__About this task__
Once you reach the line that holds "S1 f \<and>" in the listing below, output it and every line after it through the line that holds "l2. opadj l2", word for word.

╔══

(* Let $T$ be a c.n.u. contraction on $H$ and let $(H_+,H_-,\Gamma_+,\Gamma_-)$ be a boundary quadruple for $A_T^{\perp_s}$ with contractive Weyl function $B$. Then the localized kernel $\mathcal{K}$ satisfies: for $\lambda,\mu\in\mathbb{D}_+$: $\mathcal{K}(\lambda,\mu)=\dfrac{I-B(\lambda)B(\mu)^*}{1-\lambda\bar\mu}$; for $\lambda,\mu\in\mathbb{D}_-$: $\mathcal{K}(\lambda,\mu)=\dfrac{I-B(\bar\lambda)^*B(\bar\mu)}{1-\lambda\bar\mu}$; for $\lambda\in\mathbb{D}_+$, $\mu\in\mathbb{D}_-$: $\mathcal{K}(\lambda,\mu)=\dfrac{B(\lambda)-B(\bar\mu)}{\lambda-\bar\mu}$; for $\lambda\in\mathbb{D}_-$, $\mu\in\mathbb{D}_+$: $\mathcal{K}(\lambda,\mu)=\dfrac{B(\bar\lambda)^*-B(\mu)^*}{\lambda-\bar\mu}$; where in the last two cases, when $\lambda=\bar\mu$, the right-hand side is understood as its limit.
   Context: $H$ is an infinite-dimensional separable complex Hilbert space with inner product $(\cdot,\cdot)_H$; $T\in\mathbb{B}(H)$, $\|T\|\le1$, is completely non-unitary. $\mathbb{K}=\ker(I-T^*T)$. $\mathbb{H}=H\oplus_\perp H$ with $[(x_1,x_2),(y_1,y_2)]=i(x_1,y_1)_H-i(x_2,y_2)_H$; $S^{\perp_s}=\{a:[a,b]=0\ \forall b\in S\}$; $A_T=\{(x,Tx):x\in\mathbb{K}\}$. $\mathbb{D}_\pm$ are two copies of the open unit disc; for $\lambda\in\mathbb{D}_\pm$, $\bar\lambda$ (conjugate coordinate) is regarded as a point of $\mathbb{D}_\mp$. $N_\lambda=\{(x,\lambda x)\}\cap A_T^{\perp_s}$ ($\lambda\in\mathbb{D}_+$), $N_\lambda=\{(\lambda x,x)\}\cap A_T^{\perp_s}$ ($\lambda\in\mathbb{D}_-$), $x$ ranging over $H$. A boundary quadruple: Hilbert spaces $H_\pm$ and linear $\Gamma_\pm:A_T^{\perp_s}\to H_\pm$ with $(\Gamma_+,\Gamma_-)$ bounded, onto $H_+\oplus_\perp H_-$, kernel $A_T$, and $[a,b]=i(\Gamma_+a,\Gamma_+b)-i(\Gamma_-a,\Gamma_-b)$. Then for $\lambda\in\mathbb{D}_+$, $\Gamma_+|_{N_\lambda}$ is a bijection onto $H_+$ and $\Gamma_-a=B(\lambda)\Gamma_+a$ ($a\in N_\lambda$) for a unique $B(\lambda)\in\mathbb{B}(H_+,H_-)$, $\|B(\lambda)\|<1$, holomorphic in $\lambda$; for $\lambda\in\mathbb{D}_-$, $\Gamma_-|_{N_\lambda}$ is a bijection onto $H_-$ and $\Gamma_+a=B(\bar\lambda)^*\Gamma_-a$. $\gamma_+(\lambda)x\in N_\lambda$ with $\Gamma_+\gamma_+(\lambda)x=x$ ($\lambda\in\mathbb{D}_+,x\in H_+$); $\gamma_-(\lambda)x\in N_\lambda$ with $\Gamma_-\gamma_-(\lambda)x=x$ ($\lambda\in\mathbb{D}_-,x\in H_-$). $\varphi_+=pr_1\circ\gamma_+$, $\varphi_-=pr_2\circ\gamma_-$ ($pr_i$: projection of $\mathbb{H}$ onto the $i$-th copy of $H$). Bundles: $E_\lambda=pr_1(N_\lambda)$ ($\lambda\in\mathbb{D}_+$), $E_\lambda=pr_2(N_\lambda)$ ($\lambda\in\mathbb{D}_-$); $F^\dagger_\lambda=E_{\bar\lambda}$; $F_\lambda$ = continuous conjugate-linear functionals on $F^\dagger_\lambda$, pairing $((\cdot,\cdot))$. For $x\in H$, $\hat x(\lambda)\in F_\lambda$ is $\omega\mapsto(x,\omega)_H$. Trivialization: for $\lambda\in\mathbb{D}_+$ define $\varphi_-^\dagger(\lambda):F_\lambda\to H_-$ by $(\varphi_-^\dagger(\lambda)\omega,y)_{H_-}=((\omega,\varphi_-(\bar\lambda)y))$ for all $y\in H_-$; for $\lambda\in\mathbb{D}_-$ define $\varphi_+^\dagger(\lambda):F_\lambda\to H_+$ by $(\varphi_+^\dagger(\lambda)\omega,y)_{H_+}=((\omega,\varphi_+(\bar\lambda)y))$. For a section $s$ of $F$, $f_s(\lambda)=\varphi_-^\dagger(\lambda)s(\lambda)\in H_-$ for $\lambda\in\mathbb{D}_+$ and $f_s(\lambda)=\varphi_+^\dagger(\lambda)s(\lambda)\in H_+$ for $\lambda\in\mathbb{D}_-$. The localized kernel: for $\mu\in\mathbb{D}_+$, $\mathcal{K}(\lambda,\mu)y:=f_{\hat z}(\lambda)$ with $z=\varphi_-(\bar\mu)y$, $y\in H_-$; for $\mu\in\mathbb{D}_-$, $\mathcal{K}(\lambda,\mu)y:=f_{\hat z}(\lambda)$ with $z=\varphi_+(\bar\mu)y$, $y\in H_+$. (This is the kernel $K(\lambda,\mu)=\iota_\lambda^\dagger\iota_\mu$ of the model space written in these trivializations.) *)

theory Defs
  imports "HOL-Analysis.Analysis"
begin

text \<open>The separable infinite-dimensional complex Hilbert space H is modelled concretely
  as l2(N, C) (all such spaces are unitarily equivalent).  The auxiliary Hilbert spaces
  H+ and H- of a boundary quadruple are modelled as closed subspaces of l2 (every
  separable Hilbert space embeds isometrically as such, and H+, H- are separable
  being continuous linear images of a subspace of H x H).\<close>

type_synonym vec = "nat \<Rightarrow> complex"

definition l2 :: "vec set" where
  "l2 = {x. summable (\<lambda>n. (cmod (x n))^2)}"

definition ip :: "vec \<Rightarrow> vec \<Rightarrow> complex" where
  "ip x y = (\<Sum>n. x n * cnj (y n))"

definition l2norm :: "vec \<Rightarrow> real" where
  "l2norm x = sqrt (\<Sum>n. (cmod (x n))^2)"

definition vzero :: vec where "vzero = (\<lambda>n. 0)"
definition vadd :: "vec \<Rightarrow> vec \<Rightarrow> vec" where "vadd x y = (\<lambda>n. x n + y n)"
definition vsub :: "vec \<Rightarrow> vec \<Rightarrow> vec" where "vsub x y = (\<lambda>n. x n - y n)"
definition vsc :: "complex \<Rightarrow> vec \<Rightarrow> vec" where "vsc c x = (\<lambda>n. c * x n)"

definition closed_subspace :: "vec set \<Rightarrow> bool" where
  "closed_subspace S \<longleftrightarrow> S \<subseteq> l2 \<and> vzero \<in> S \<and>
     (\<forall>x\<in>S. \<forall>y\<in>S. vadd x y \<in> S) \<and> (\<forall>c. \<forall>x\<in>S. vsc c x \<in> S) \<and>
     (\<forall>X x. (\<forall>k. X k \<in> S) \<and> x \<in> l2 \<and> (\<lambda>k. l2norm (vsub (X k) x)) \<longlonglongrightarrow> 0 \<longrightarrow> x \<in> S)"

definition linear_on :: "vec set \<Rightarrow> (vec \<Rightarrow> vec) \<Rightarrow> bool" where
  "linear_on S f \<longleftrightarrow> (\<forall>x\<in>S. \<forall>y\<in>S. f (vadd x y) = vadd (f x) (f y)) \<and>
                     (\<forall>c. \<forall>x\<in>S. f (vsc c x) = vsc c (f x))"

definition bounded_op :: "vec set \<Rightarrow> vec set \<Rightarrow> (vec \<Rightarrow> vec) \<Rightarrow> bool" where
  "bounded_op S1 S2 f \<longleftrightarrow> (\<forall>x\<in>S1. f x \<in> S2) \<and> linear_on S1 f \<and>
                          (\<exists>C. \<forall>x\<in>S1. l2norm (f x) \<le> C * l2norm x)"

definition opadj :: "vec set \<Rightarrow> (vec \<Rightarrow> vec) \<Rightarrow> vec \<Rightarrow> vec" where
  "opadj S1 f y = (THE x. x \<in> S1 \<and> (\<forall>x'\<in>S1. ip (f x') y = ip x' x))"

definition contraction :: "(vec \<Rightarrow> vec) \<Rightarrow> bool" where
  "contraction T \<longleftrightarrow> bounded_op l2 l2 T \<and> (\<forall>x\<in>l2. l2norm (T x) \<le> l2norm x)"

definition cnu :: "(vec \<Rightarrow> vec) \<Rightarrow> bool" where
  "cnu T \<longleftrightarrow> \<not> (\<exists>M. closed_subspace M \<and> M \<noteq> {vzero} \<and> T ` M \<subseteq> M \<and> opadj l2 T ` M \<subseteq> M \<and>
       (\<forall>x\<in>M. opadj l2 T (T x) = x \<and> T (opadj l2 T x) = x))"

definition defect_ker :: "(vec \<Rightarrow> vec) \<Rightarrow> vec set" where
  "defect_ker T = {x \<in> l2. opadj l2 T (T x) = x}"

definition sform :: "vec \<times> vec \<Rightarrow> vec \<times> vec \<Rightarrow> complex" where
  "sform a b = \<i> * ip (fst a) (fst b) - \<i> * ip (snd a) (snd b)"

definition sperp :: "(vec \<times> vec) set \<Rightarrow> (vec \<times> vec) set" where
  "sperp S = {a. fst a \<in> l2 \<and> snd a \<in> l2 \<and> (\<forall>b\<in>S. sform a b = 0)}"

╚══

__Response for this exercise__
  "bounded_op S1 S2 f \<longleftrightarrow> (\<forall>x\<in>S1. f x \<in> S2) \<and> linear_on S1 f \<and>
                          (\<exists>C. \<forall>x\<in>S1. l2norm (f x) \<le> C * l2norm x)"

definition opadj :: "vec set \<Rightarrow> (vec \<Rightarrow> vec) \<Rightarrow> vec \<Rightarrow> vec" where
  "opadj S1 f y = (THE x. x \<in> S1 \<and> (\<forall>x'\<in>S1. ip (f x') y = ip x' x))"

definition contraction :: "(vec \<Rightarrow> vec) \<Rightarrow> bool" where
  "contraction T \<longleftrightarrow> bounded_op l2 l2 T \<and> (\<forall>x\<in>l2. l2norm (T x) \<le> l2norm x)"

definition cnu :: "(vec \<Rightarrow> vec) \<Rightarrow> bool" where
  "cnu T \<longleftrightarrow> \<not> (\<exists>M. closed_subspace M \<and> M \<noteq> {vzero} \<and> T ` M \<subseteq> M \<and> opadj l2 T ` M \<subseteq> M \<and>
       (\<forall>x\<in>M. opadj l2 T (T x) = x \<and> T (opadj l2 T x) = x))"

definition defect_ker :: "(vec \<Rightarrow> vec) \<Rightarrow> vec set" where
  "defect_ker T = {x \<in> l2. opadj l2 T (T x) = x}"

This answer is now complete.